Над пропастью во сне: Мой отец Дж. Д. Сэлинджер
Шрифт:
Судья Хэнд умер, когда мне исполнилось пять лет, в тот же самый год, когда отца Джона отправили в Южные моря. Мне до сих пор его не хватает. Даже в Брандейсе, изучая историю и юриспруденцию, я часто вела с ним воображаемые беседы, желая, чтобы он был рядом, чтобы мог ответить мне, разделить мою радость. И он, и отец Джон внесли в мою жизнь тепло, заполнили пустоту: я, как мышка из книги Лео Лионни «Фредерик», сохранила в памяти краски лета, чтобы пережить долгую, мрачную зиму.

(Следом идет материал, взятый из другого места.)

lemma dim_eq_dim_kernel_add_dim_image:
  assumes f: "Vector_Spaces.linear s1 s2 f" and S: "vs1.subspace S"
  shows "vs1.dim S = vs1.dim (S \<inter> {x. f x = 0}) + vs2.dim (f ` S)"
proof -
  \<comment> \<open>Lift a basis of \<open>f ` S\<close> to \<open>P \<subseteq> S\<close>; then \<open>S\<close> is the direct sum of its kernel part
    and \<open>span P\<close>.\<close>
  interpret f: Vector_Spaces.linear s1 s2 f by fact
  define K where "K = S \<inter> {x. f x = 0}"
  obtain B where B: "B \<subseteq> f ` S" "vs2.independent B" "f ` S \<subseteq> vs2.span B"
      "card B = vs2.dim (f ` S)"
    using vs2.basis_exists by blast
  obtain g where g: "\<And>b. b \<in> B \<Longrightarrow> g b \<in> S \<and> f (g b) = b"
    using B(1) by (metis f_inv_into_f inv_into_into subsetD)
  define P where "P = g ` B"
  have fP: "f ` P = B"
    using g by (force simp: P_def)
  have "inj_on f P"
    using g by (auto simp: P_def inj_on_def)
  then have inj: "inj_on f (vs1.span P)"
    using f.inj_on_span_iff_independent_image B(2) fP by blast
  have P_span: "vs1.span P \<subseteq> S"
    using g by (auto simp: P_def intro!: vs1.span_minimal[OF _ S])
  have "f ` S \<subseteq> f ` vs1.span P"
    using B(3) f.span_image[of P] fP by simp
  then have "S = {k + y |k y. k \<in> K \<and> y \<in> vs1.span P}"
    unfolding K_def by (rule subspace_eq_kernel_part_plus[OF f S P_span])
  moreover have "vs1.subspace K"
    unfolding K_def by (rule vs1.subspace_inter[OF S f.subspace_kernel])
  ultimately have "vs1.dim S + vs1.dim (K \<inter> vs1.span P) = vs1.dim K + vs1.dim (vs1.span P)"
    using vs1.dim_sums_Int[of K "vs1.span P"] by simp
  moreover have "vs1.dim (K \<inter> vs1.span P) = 0"
    using inj_onD[OF inj] vs1.span_zero by (auto simp: K_def)
  moreover have "vs1.dim (vs1.span P) = vs2.dim (f ` S)"
    using dim_image_eq[OF f inj] B(2,4) fP by (simp add: vs2.dim_eq_card_independent)
  ultimately show ?thesis
    unfolding K_def[symmetric] by linarith
qed
(* Let $h$ be a fixed positive integer. For positive integers $u,v,w$ let $g(u,v,w)=1$ if the system of congruences $n\equiv -h \pmod u$, $n\equiv 0\pmod v$, $n\equiv h\pmod w$ has an integer solution $n$, and $g(u,v,w)=0$ otherwise. Then, as $x\to\infty$, $$\sum_{u,v,w\le x}\frac{g(u,v,w)}{[u,v,w]}=\Delta(h)\prod_{p}\Big(1-\frac1p\Big)^2\Big(1+\frac2p\Big)(\log x)^3+O_h\big((\log x)^2\big),$$ where $\Delta(h)$ is the non-zero constant $$\Delta(h)=\prod_{p\mid 2h}\Big(1-\frac1p\Big)\Big(1+\frac2p\Big)^{-1}\left(\sum_{\nu_1,\nu_2,\nu_3\ge0}\frac{g(p^{\nu_1},p^{\nu_2},p^{\nu_3})}{[p^{\nu_1},p^{\nu_2},p^{\nu_3}]}\right).$$
   Context: $[u,v,w]$ denotes the least common multiple of $u,v,w$; products over $p$ run over primes; the sum on the left is over positive integers $u,v,w\le x$. *)

theory Defs
  imports "HOL-Analysis.Analysis" "HOL-Number_Theory.Number_Theory" "HOL-Library.Landau_Symbols"
begin

definition gsys :: "nat \<Rightarrow> nat \<Rightarrow> nat \<Rightarrow> nat \<Rightarrow> real" where
  "gsys h u v w = (if \<exists>n::int. [n = - int h] (mod int u) \<and> [n = 0] (mod int v) \<and> [n = int h] (mod int w)
                   then 1 else 0)"

definition lcm3 :: "nat \<Rightarrow> nat \<Rightarrow> nat \<Rightarrow> nat" where
  "lcm3 u v w = lcm u (lcm v w)"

Зима 59-го была похожа на длинную, серую, бессонную ночь. Даже отец ждал весны, когда вернется солнце, и судья Хэнд с женой согреют нас своим веселым теплом. В письме к Хэндам он пишет о бесконечной зиме, о том, как ужасно по ним скучает, о том, как было бы здорово, если бы они жили в Корнише круглый год. Но отец мог на несколько недель уехать от снега и льда
Пока отца не было, дома случилась ужасная история. Тридцать пять лет она оставалась спрятанной глубоко во мне, за семью замками, и выплыла только, когда я сама рожала. После того как я промучилась схватками целые сутки и у меня уже на столе отошли воды, я вдруг исчезла, а мое место заняла трехлетняя девочка, которая кричит: «Я его не убивала, я не убивала малыша, я не хотела». Она умоляет акушерок поверить ей, рассказывает всю историю. Мне три года, из ванной доносятся ужасные звуки, те самые, что сейчас звучат у меня в ушах. Мама заперлась в ванной, а мне хочется писать. Я боюсь постучаться. Прячусь в своей комнате, затыкаю уши, но это не помогает. Шум прекращается. Я слышу, как хлопает дверь, и мама спускается через холл в спальню. Тогда я на цыпочках выхожу из своей комнаты и пробираюсь в ванную. Я так долго терпела, что срочно должна пописать, иначе придется сидеть в холодной, мокрой одежде, пока кто-нибудь не найдет меня. Кто знает, как долго придется ждать. Чуть меньше, чем целую вечность. Я врываюсь, едва успев, сажусь на стульчак и писаю. Потом встаю и, как воспитанный ребенок, спускаю за собой воду. Мамин крик: «Не спускай воду. Не спускай!» — доносится до меня, слишком поздно. Я смотрю вниз и вижу в унитазе младенца — он мокрый, он в крови, но он настоящий. А я его убила.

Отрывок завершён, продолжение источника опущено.